- The task:
Output each line of the data word for word, from the first through the line that holds "(single a (1::'b::comm_ring_1))", and leave off whatever follows.

- Provided data:
-------

lemma B_pattern_neighbour_count:
  assumes P: "P \<subseteq> {..<5}" and k: "card P \<le> w" "5 \<le> w + card P"
  shows "pattern_swaps B_patterns 5 P + pattern_drops B_patterns P * (w + card P - 5)
         + pattern_adds B_patterns 5 P * (w - card P)
         + (if P \<in> B_patterns then (w - card P) * (w + card P - 5) else 0)
       = (if P \<in> B_patterns then w\<^sup>2 - 3 * w + 2 else w)"
    (is "?count = _")
proof -
  define k where "k = int (card P)"
  define s where "s = int (pattern_swaps B_patterns 5 P)"
  define d where "d = int (pattern_drops B_patterns P)"
  define a where "a = int (pattern_adds B_patterns 5 P)"
  have coeffs: "if P \<in> B_patterns then d + a = 2 \<and> s + d * (k - 5) - a * k = k\<^sup>2 - 5 * k + 2
      else d + a = 1 \<and> s + d * (k - 5) - a * k = 0"
    using B_pattern_coefficients P unfolding k_def s_def d_def a_def Let_def by blast
  have u: "int (w - card P) = int w - k" and z: "int (w + card P - 5) = int w + k - 5"
    using k by (simp_all add: k_def of_nat_diff)
  have "int ?count = s + d * (int w + k - 5) + a * (int w - k)
      + (if P \<in> B_patterns then (int w - k) * (int w + k - 5) else 0)"
    by (simp add: s_def d_def a_def u z)
  also have "\<dots> = (s + d * (k - 5) - a * k) + (d + a) * int w
      + (if P \<in> B_patterns then (int w - k) * (int w + k - 5) else 0)"
    by (simp add: algebra_simps)
  also have "\<dots> = (if P \<in> B_patterns then int w ^ 2 - 3 * int w + 2 else int w)"
    using coeffs by (simp split: if_splits) (simp add: algebra_simps power2_eq_square)
  also have "\<dots> = int (if P \<in> B_patterns then w\<^sup>2 - 3 * w + 2 else w)"
    using k by (simp add: of_nat_diff power2_eq_square)
  finally show ?thesis
    by (simp only: of_nat_eq_iff)
qed
lemma vcoeff_mult_single_self:
  assumes c: "c \<in> polys_in V" and a: "keys a \<inter> V = {}"
  shows "vcoeff V (c * single a 1) a = c"
proof -
  have "vcoeff V (single a (1::'b::comm_ring_1)) a = (1::('a,'b) dpoly)"
  proof (rule poly_mapping_eqI)
    fix m
    show "lookup (vcoeff V (single a (1::'b)) a) m = lookup (1::('a,'b) dpoly) m"
      by (auto simp: lookup_vcoeff lookup_single_if lookup_single when_def lookup_one)
  qed
  then show ?thesis by (simp add: vcoeff_mult_inner[OF c a])
qed

lemma poly_outer_decomp:
  fixes p :: "('j,'k::comm_ring_1) dpoly"
  shows "p = (\<Sum>g\<in>outer V ` keys p. vcoeff V p g * single g 1)"
proof -
  have "p = (\<Sum>g\<in>outer V ` keys p. outer_filter V (\<lambda>x. x = g) p)"
  proof (rule poly_mapping_eqI)
    fix m
    have "(\<Sum>g\<in>outer V ` keys p. lookup (outer_filter V (\<lambda>x. x = g) p) m)
        = (\<Sum>g\<in>outer V ` keys p. if g = outer V m then lookup p m else 0)"
      by (rule sum.cong) (auto simp: lookup_outer_filter)
    also have "\<dots> = lookup p m"
      by (subst sum.delta) (auto simp: in_keys_iff)
    finally show "lookup p m = lookup (\<Sum>g\<in>outer V ` keys p. outer_filter V (\<lambda>x. x = g) p) m"
      by (simp add: lookup_sum)
  qed
  also have "\<dots> = (\<Sum>g\<in>outer V ` keys p. vcoeff V p g * single g 1)"
    by (rule sum.cong[OF refl]) (auto intro!: outer_filter_eq simp: keys_outer)
  finally show ?thesis .
qed

lemma ideal_in_alt:
  "p \<in> ideal_in W S \<longleftrightarrow> (\<exists>xs. set (map fst xs) \<subseteq> polys_in W \<and> set (map snd xs) \<subseteq> S \<and>
      p = sum_list (map (\<lambda>(a, s). a * s) xs))"
proof
  assume "p \<in> ideal_in W S"
  then obtain as ss where h: "length as = length ss" "set as \<subseteq> polys_in W" "set ss \<subseteq> S"
      "p = sum_list (map2 (*) as ss)" by (auto simp: ideal_in_def)
  show "\<exists>xs. set (map fst xs) \<subseteq> polys_in W \<and> set (map snd xs) \<subseteq> S \<and>
      p = sum_list (map (\<lambda>(a, s). a * s) xs)"
    by (rule exI[of _ "zip as ss"]) (use h in auto)
next
  assume "\<exists>xs. set (map fst xs) \<subseteq> polys_in W \<and> set (map snd xs) \<subseteq> S \<and>
      p = sum_list (map (\<lambda>(a, s). a * s) xs)"
  then obtain xs where h: "set (map fst xs) \<subseteq> polys_in W" "set (map snd xs) \<subseteq> S"
      "p = sum_list (map (\<lambda>(a, s). a * s) xs)" by blast
  show "p \<in> ideal_in W S"
    unfolding ideal_in_def
    by (rule CollectI, rule exI[of _ "map fst xs"], rule exI[of _ "map snd xs"]) (use h in \<open>simp add: zip_map_fst_snd\<close>)
qed

lemma ideal_in_zero: "0 \<in> ideal_in W S"
  unfolding ideal_in_alt by (rule exI[of _ "[]"]) simp

lemma ideal_in_add: "p \<in> ideal_in W S \<Longrightarrow> q \<in> ideal_in W S \<Longrightarrow> p + q \<in> ideal_in W S"
proof -
  assume "p \<in> ideal_in W S" "q \<in> ideal_in W S"
  then obtain xs ys where
    "set (map fst xs) \<subseteq> polys_in W" "set (map snd xs) \<subseteq> S" "p = sum_list (map (\<lambda>(a, s). a * s) xs)"
    "set (map fst ys) \<subseteq> polys_in W" "set (map snd ys) \<subseteq> S" "q = sum_list (map (\<lambda>(a, s). a * s) ys)"
    unfolding ideal_in_alt by blast
  then show ?thesis unfolding ideal_in_alt by (intro exI[of _ "xs @ ys"]) auto
qed

lemma ideal_in_mult: "r \<in> polys_in W \<Longrightarrow> p \<in> ideal_in W S \<Longrightarrow> r * p \<in> ideal_in W S"
proof -
  assume r: "r \<in> polys_in W" and "p \<in> ideal_in W S"
  then obtain xs where h:
    "set (map fst xs) \<subseteq> polys_in W" "set (map snd xs) \<subseteq> S" "p = sum_list (map (\<lambda>(a, s). a * s) xs)"
    unfolding ideal_in_alt by blast
  let ?ys = "map (\<lambda>(a, s). (r * a, s)) xs"
  have "set (map fst ?ys) \<subseteq> polys_in W" using h(1) r by (auto intro!: polys_in_mult simp: image_subset_iff)
  moreover have "set (map snd ?ys) \<subseteq> S" using h(2) by auto
  moreover have "r * p = sum_list (map (\<lambda>(a, s). a * s) ?ys)"
    unfolding h(3) by (induction xs) (auto simp: algebra_simps)
  ultimately show ?thesis unfolding ideal_in_alt by blast
qed

lemma ideal_in_gen: "a \<in> polys_in W \<Longrightarrow> s \<in> S \<Longrightarrow> a * s \<in> ideal_in W S"
  unfolding ideal_in_alt by (rule exI[of _ "[(a, s)]"]) simp

lemma ideal_in_sum: "(\<And>x. x \<in> A \<Longrightarrow> f x \<in> ideal_in W S) \<Longrightarrow> sum f A \<in> ideal_in W S"
proof (induction A rule: infinite_finite_induct)
  case (infinite A) then show ?case by (simp add: ideal_in_zero)
next
  case empty then show ?case by (simp add: ideal_in_zero)
next
  case (insert x F) then show ?case by (simp add: ideal_in_add)
qed

lemma ideal_in_mono: "S \<subseteq> S' \<Longrightarrow> p \<in> ideal_in W S \<Longrightarrow> p \<in> ideal_in W S'"
  unfolding ideal_in_alt by blast

lemma ideal_in_polys: "S \<subseteq> polys_in W \<Longrightarrow> p \<in> ideal_in W S \<Longrightarrow> p \<in> polys_in W"
proof -
  assume S: "S \<subseteq> polys_in W" and "p \<in> ideal_in W S"
  then obtain xs where h:
    "set (map fst xs) \<subseteq> polys_in W" "set (map snd xs) \<subseteq> S" "p = sum_list (map (\<lambda>(a, s). a * s) xs)"
    unfolding ideal_in_alt by blast
  have "sum_list (map (\<lambda>(a, s). a * s) xs) \<in> polys_in W"
    using h(1,2) S by (induction xs) (auto intro!: polys_in_add polys_in_mult)
  then show ?thesis using h(3) by simp
qed
lemma coord_congruence: "v - gsum (\<lambda>j. ilf (coord j) v) \<in> U"
proof -
  define a where "a t = (SOME c. axis t 1 - gsum c \<in> U)" for t
  have a: "axis t 1 - gsum (a t) \<in> U" for t
    unfolding a_def using coefficients_exist by (rule someI_ex)
  have "gsum (\<lambda>j. ilf (coord j) v) = gsum (\<lambda>j. \<Sum>t\<in>UNIV. v $ t * a t j)"
    by (simp add: ilf_def coord_def a_def mult.commute)
  also have "\<dots> = (\<Sum>t\<in>UNIV. v $ t *s gsum (a t))"
    by (simp add: gsum_sum gsum_smult)
  finally have "v - gsum (\<lambda>j. ilf (coord j) v) = (\<Sum>t\<in>UNIV. v $ t *s (axis t 1 - gsum (a t)))"
    by (simp add: vector_ssub_ldistrib sum_subtractf basis_expansion)
  also have "\<dots> \<in> U" using a by (intro grp_sum grp_smult) auto
  finally show ?thesis .
qed

text \<open>Consequently the coordinate forms read off the coefficients of any
  representation, which yields delta_ij on the gammas and nonnegativity on S.\<close>
lemma coord_eqI: "v - gsum c \<in> U \<Longrightarrow> j < k \<Longrightarrow> ilf (coord j) v = c j"
  using coefficients_unique[OF coord_congruence] by metis

lemma coord_gamma: "i < k \<Longrightarrow> j < k \<Longrightarrow> ilf (coord i) (\<gamma> j) = (if i = j then 1 else 0)"
  using coord_eqI[of "\<gamma> j" "\<lambda>i. if i = j then 1 else 0" i] by (simp add: gsum_unit grp_zero)

lemma coord_nonneg: "s \<in> S \<Longrightarrow> i < k \<Longrightarrow> 0 \<le> ilf (coord i) s"
  using free_basis_gsum(1)[OF S_in_S_loc] coord_eqI by fastforce

lemma U_eq_kernel: "U = {v. \<forall>i<k. ilf (coord i) v = 0}"
proof (intro equalityI subsetI CollectI allI impI)
  fix v i assume "v \<in> U" "i < k"
  then show "ilf (coord i) v = 0" using coord_eqI[of v "\<lambda>_. 0" i] by (simp add: gsum_def)
next
  fix v assume "v \<in> {v. \<forall>i<k. ilf (coord i) v = 0}"
  then have "gsum (\<lambda>j. ilf (coord j) v) = 0" by (simp add: gsum_def)
  then show "v \<in> U" using coord_congruence[of v] by simp
qed

text \<open>Since sigma_i(gamma_i) = 1, the coefficients of sigma_i are coprime.\<close>
lemma coord_primitive: "i < k \<Longrightarrow> primitive_form (coord i)"
proof -
  assume i: "i < k"
  let ?g = "Gcd (range (\<lambda>t. coord i $ t))"
  have "?g dvd ilf (coord i) (\<gamma> i)"
    unfolding ilf_def by (intro dvd_sum dvd_mult2 Gcd_dvd) auto
  then have "?g dvd 1" using coord_gamma[OF i i] by simp
  then show ?thesis by (simp add: primitive_form_def)
qed

end

section \<open>The facets through F\<close>

lemma inner_zero_on_span:
  assumes "\<forall>y\<in>A. w \<bullet> y = 0" and "x \<in> span A"
  shows "w \<bullet> x = 0"
  using span_minimal[OF _ subspace_hyperplane[of w], of A] assms by auto

locale face_with_basis = free_quotient_basis S F k \<gamma>
  for S :: "(int^'n) set" and F k \<gamma> +
  fixes l :: "real^'n"
  assumes l_nonneg: "\<forall>x\<in>pos S. 0 \<le> l \<bullet> x"
    and F_def: "F = {x \<in> pos S. l \<bullet> x = 0}"
begin

abbreviation coord_face :: "nat \<Rightarrow> (real^'n) set" where
  "coord_face i \<equiv> {x \<in> pos S. rlf (coord i) x = 0}"

lemma coord_nonneg_pos: "x \<in> pos S \<Longrightarrow> i < k \<Longrightarrow> 0 \<le> rlf (coord i) x"
  unfolding rlf_inner by (rule pos_nonneg) (auto simp: ilf_inner[symmetric] coord_nonneg)

lemma inner_zero_on_U:
  assumes "\<forall>s\<in>lat_in S F. w \<bullet> rvec s = 0" and "u \<in> U"
  shows "w \<bullet> rvec u = 0"
  using inner_zero_on_span[OF _ rvec_grp_span[OF assms(2)]] assms(1) by auto

lemma lat_in_F_eq: "lat_in S F = {s \<in> S. \<forall>i<k. ilf (coord i) s = 0}"
proof (intro equalityI subsetI)
  fix s assume "s \<in> lat_in S F"
  then show "s \<in> {s \<in> S. \<forall>i<k. ilf (coord i) s = 0}"
    using grp_base[of s] U_eq_kernel by (auto simp: lat_in_def)
next
  fix s assume s: "s \<in> {s \<in> S. \<forall>i<k. ilf (coord i) s = 0}"
  then have "s \<in> U" using U_eq_kernel by auto
  then have "l \<bullet> rvec s = 0"
    by (rule inner_zero_on_U[rotated]) (auto simp: lat_in_def F_def)
  then show "s \<in> lat_in S F" using s rvec_in_pos by (auto simp: lat_in_def F_def)
qed

lemma F_eq_coords: "F = {x \<in> pos S. \<forall>i<k. rlf (coord i) x = 0}"
proof -
  let ?W = "(\<lambda>i. rvec (coord i)) ` {..<k}"
  have l_S: "\<forall>s\<in>S. 0 \<le> l \<bullet> rvec s" using l_nonneg rvec_in_pos by blast
  have "F = pos {s \<in> S. \<forall>w\<in>{l}. w \<bullet> rvec s = 0}"
    using pos_face_eq[of "{l}" S] l_S by (simp add: F_def)
  also have "{s \<in> S. \<forall>w\<in>{l}. w \<bullet> rvec s = 0} = lat_in S F"
    using rvec_in_pos by (auto simp: lat_in_def F_def)
  also have "\<dots> = {s \<in> S. \<forall>w\<in>?W. w \<bullet> rvec s = 0}"
    by (auto simp: lat_in_F_eq ilf_inner[symmetric])
  also have "pos \<dots> = {x \<in> pos S. \<forall>w\<in>?W. w \<bullet> x = 0}"
    by (rule pos_face_eq[symmetric]) (auto simp: ilf_inner[symmetric] coord_nonneg)
  finally show ?thesis by (auto simp: rlf_inner)
qed

lemma F_subset_coord_face: "i < k \<Longrightarrow> F \<subseteq> coord_face i"
  using F_eq_coords by auto

lemma gamma_in_coord_face: "i < k \<Longrightarrow> j < k \<Longrightarrow> i \<noteq> j \<Longrightarrow> rvec (\<gamma> j) \<in> coord_face i"
  using rvec_in_pos[OF gamma_in_S[of j]] coord_gamma[of i j] by (simp add: rlf_rvec)

lemma coord_nonzero: "i < k \<Longrightarrow> rvec (coord i) \<noteq> 0"
proof
  assume "i < k" "rvec (coord i) = 0"
  then have "real_of_int (ilf (coord i) (\<gamma> i)) = 0" by (simp add: ilf_inner)
  then show False using coord_gamma[OF \<open>i < k\<close> \<open>i < k\<close>] by simp
qed

lemma dim_coord_hyperplane: "i < k \<Longrightarrow> dim {x. rvec (coord i) \<bullet> x = 0} = CARD('n) - 1"
  using dim_hyperplane[OF coord_nonzero] by simp

text \<open>Each coordinate face is a facet: together with gamma_i it spans R^n, because
  every lattice point is a combination of the gammas modulo U \<subseteq> span F.\<close>
lemma dim_coord_face:
  assumes i: "i < k"
  shows "dim (coord_face i) = CARD('n) - 1"
proof -
  define A where "A = insert (rvec (\<gamma> i)) (coord_face i)"
  have "coord_face i \<subseteq> {x. rvec (coord i) \<bullet> x = 0}" by (auto simp: rlf_inner)
  then have upper: "dim (coord_face i) \<le> CARD('n) - 1"
    using dim_subset dim_coord_hyperplane[OF i] by metis
  have gammas: "rvec (\<gamma> j) \<in> span A" if "j < k" for j
    using gamma_in_coord_face[OF i that] by (cases "j = i") (auto simp: A_def intro: span_base)
  have "rvec v \<in> span A" for v
  proof -
    let ?c = "\<lambda>j. ilf (coord j) v"
    have "rvec ` lat_in S F \<subseteq> span A"
      using F_subset_coord_face[OF i] by (auto simp: lat_in_def A_def intro: span_base)
    then have "rvec (v - gsum ?c) \<in> span A"
      using rvec_grp_span[OF coord_congruence] span_mono span_span by blast
    moreover have "rvec (gsum ?c) \<in> span A"
      unfolding gsum_def rvec_sum rvec_smult using gammas by (intro span_sum span_scale) auto
    ultimately show ?thesis
      using span_add by (fastforce simp: rvec_add[symmetric])
  qed
  then have "dim A = CARD('n)" by (rule dim_full)
  moreover have "dim A \<le> dim (coord_face i) + 1" by (simp add: A_def dim_insert)
  ultimately show ?thesis using upper by linarith
qed

lemma coord_face_facet: "i < k \<Longrightarrow> is_facet S (coord_face i)"
  unfolding is_facet_def is_face_def
  by (intro conjI exI[of _ "rvec (coord i)"]) (auto simp: dim_coord_face coord_nonneg_pos rlf_inner[symmetric])

text \<open>The F_i are pairwise distinct: gamma_j lies in F_i for i \<noteq> j but not in F_j.\<close>
lemma coord_face_inj: "inj_on coord_face {..<k}"
proof (rule inj_onI, rule ccontr)
  fix i j assume ij: "i \<in> {..<k}" "j \<in> {..<k}" "coord_face i = coord_face j" "i \<noteq> j"
  then have "rvec (\<gamma> j) \<in> coord_face j" using gamma_in_coord_face by auto
  then show False using ij(2) coord_gamma by (simp add: rlf_rvec)
qed

lemma form_decomposition:
  assumes w: "\<forall>s\<in>lat_in S F. w \<bullet> rvec s = 0"
  shows "w = (\<Sum>j<k. (w \<bullet> rvec (\<gamma> j)) *\<^sub>R rvec (coord j))"
proof (rule vec_eq_on_lattice)
  fix v
  let ?c = "\<lambda>j. ilf (coord j) v"
  have "w \<bullet> rvec v = w \<bullet> rvec (v - gsum ?c) + w \<bullet> rvec (gsum ?c)"
    by (simp add: rvec_add[symmetric] inner_add_right[symmetric])
  also have "w \<bullet> rvec (v - gsum ?c) = 0" by (rule inner_zero_on_U[OF w coord_congruence])
  also have "w \<bullet> rvec (gsum ?c) = (\<Sum>j<k. (w \<bullet> rvec (\<gamma> j)) * (rvec (coord j) \<bullet> rvec v))"
    by (simp add: gsum_def rvec_sum rvec_smult inner_sum_right ilf_inner mult.commute)
  finally show "w \<bullet> rvec v = (\<Sum>j<k. (w \<bullet> rvec (\<gamma> j)) *\<^sub>R rvec (coord j)) \<bullet> rvec v"
    by (simp add: inner_sum_left)
qed

lemma dim_two_coord_hyperplanes:
  assumes "a < k" "b < k" "a \<noteq> b"
  shows "dim {x. rvec (coord a) \<bullet> x = 0 \<and> rvec (coord b) \<bullet> x = 0} < CARD('n) - 1"
proof -
  let ?V = "{x. rvec (coord a) \<bullet> x = 0 \<and> rvec (coord b) \<bullet> x = 0}"
  let ?H = "{x. rvec (coord a) \<bullet> x = 0}"
  have "rvec (\<gamma> b) \<in> ?H - ?V"
    using coord_gamma[OF assms(1,2)] coord_gamma[OF assms(2,2)] assms(3)
    by (simp add: ilf_inner[symmetric])
  then have "?V \<subset> ?H" by blast
  moreover have "subspace ?V" by (auto simp: subspace_def inner_add_right)
  moreover have "subspace ?H" by (rule subspace_hyperplane)
  ultimately have "span ?V \<subset> span ?H" by (simp only: span_eq_iff[THEN iffD2])
  then have "dim ?V < dim ?H" by (rule dim_psubset)
  then show ?thesis using dim_coord_hyperplane[OF assms(1)] by simp
qed

text \<open>Every facet through F is a coordinate face: its form is a nonnegative
  combination of the sigma_j, and the facet dimension forces exactly one nonzero term.\<close>
lemma facet_through_F:
  assumes G: "is_facet S G" and FG: "F \<subseteq> G"
  shows "\<exists>i<k. G = coord_face i"
proof -
  obtain w where w_nonneg: "\<forall>x\<in>pos S. 0 \<le> w \<bullet> x" and G_def: "G = {x \<in> pos S. w \<bullet> x = 0}"
    using G by (auto simp: is_facet_def is_face_def)
  have dim_G: "dim G = CARD('n) - 1" using G by (simp add: is_facet_def)
  define coef where "coef j = w \<bullet> rvec (\<gamma> j)" for j
  have coef_nonneg: "0 \<le> coef j" if "j < k" for j
    using w_nonneg rvec_in_pos[OF gamma_in_S[OF that]] by (simp add: coef_def)
  have w_eq: "w \<bullet> x = (\<Sum>j<k. coef j * rlf (coord j) x)" for x
    using FG G_def
    by (subst form_decomposition) (auto simp: lat_in_def coef_def inner_sum_left rlf_inner)
  have terms_zero: "coef j * rlf (coord j) x = 0" if "x \<in> G" "j < k" for x j
  proof -
    have "\<forall>j\<in>{..<k}. 0 \<le> coef j * rlf (coord j) x"
      using that(1) coef_nonneg coord_nonneg_pos by (auto simp: G_def)
    moreover have "(\<Sum>j<k. coef j * rlf (coord j) x) = 0" using that(1) w_eq[of x] by (simp add: G_def)
    ultimately show ?thesis
      using that(2) sum_nonneg_eq_0_iff[of "{..<k}" "\<lambda>j. coef j * rlf (coord j) x"] by simp
  qed
  have "\<exists>a<k. coef a \<noteq> 0"
  proof (rule ccontr)
    assume "\<not> (\<exists>a<k. coef a \<noteq> 0)"
    then have "G = pos S" using w_eq by (auto simp: G_def)
    then have "dim G = CARD('n)" using dim_pos[OF S_generates] by simp
    moreover have "0 < CARD('n)" by (simp add: card_gt_0_iff)
    ultimately show False using dim_G by linarith
  qed
  then obtain a where a: "a < k" "coef a \<noteq> 0" by blast
  have others: "coef b = 0" if "b < k" "b \<noteq> a" for b
  proof (rule ccontr)
    assume "coef b \<noteq> 0"
    then have "G \<subseteq> {x. rvec (coord a) \<bullet> x = 0 \<and> rvec (coord b) \<bullet> x = 0}"
      using terms_zero a that by (auto simp: rlf_inner)
    then have "dim G \<le> dim {x. rvec (coord a) \<bullet> x = 0 \<and> rvec (coord b) \<bullet> x = 0}"
      by (rule dim_subset)
    then show False
      using dim_two_coord_hyperplanes[OF a(1) that(1) that(2)[symmetric]] dim_G by linarith
  qed
  have "w \<bullet> x = coef a * rlf (coord a) x" for x
    unfolding w_eq using a(1) others by (simp add: sum.remove[of _ a] sum.neutral)
  then have "G = coord_face a" using a coef_nonneg[OF a(1)] by (auto simp: G_def)
  then show ?thesis using a(1) by blast
qed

-------

- Reply to the exercise:
lemma B_pattern_neighbour_count:
  assumes P: "P \<subseteq> {..<5}" and k: "card P \<le> w" "5 \<le> w + card P"
  shows "pattern_swaps B_patterns 5 P + pattern_drops B_patterns P * (w + card P - 5)
         + pattern_adds B_patterns 5 P * (w - card P)
         + (if P \<in> B_patterns then (w - card P) * (w + card P - 5) else 0)
       = (if P \<in> B_patterns then w\<^sup>2 - 3 * w + 2 else w)"
    (is "?count = _")
proof -
  define k where "k = int (card P)"
  define s where "s = int (pattern_swaps B_patterns 5 P)"
  define d where "d = int (pattern_drops B_patterns P)"
  define a where "a = int (pattern_adds B_patterns 5 P)"
  have coeffs: "if P \<in> B_patterns then d + a = 2 \<and> s + d * (k - 5) - a * k = k\<^sup>2 - 5 * k + 2
      else d + a = 1 \<and> s + d * (k - 5) - a * k = 0"
    using B_pattern_coefficients P unfolding k_def s_def d_def a_def Let_def by blast
  have u: "int (w - card P) = int w - k" and z: "int (w + card P - 5) = int w + k - 5"
    using k by (simp_all add: k_def of_nat_diff)
  have "int ?count = s + d * (int w + k - 5) + a * (int w - k)
      + (if P \<in> B_patterns then (int w - k) * (int w + k - 5) else 0)"
    by (simp add: s_def d_def a_def u z)
  also have "\<dots> = (s + d * (k - 5) - a * k) + (d + a) * int w
      + (if P \<in> B_patterns then (int w - k) * (int w + k - 5) else 0)"
    by (simp add: algebra_simps)
  also have "\<dots> = (if P \<in> B_patterns then int w ^ 2 - 3 * int w + 2 else int w)"
    using coeffs by (simp split: if_splits) (simp add: algebra_simps power2_eq_square)
  also have "\<dots> = int (if P \<in> B_patterns then w\<^sup>2 - 3 * w + 2 else w)"
    using k by (simp add: of_nat_diff power2_eq_square)
  finally show ?thesis
    by (simp only: of_nat_eq_iff)
qed
lemma vcoeff_mult_single_self:
  assumes c: "c \<in> polys_in V" and a: "keys a \<inter> V = {}"
  shows "vcoeff V (c * single a 1) a = c"
proof -
  have "vcoeff V (single a (1::'b::comm_ring_1)) a = (1::('a,'b) dpoly)"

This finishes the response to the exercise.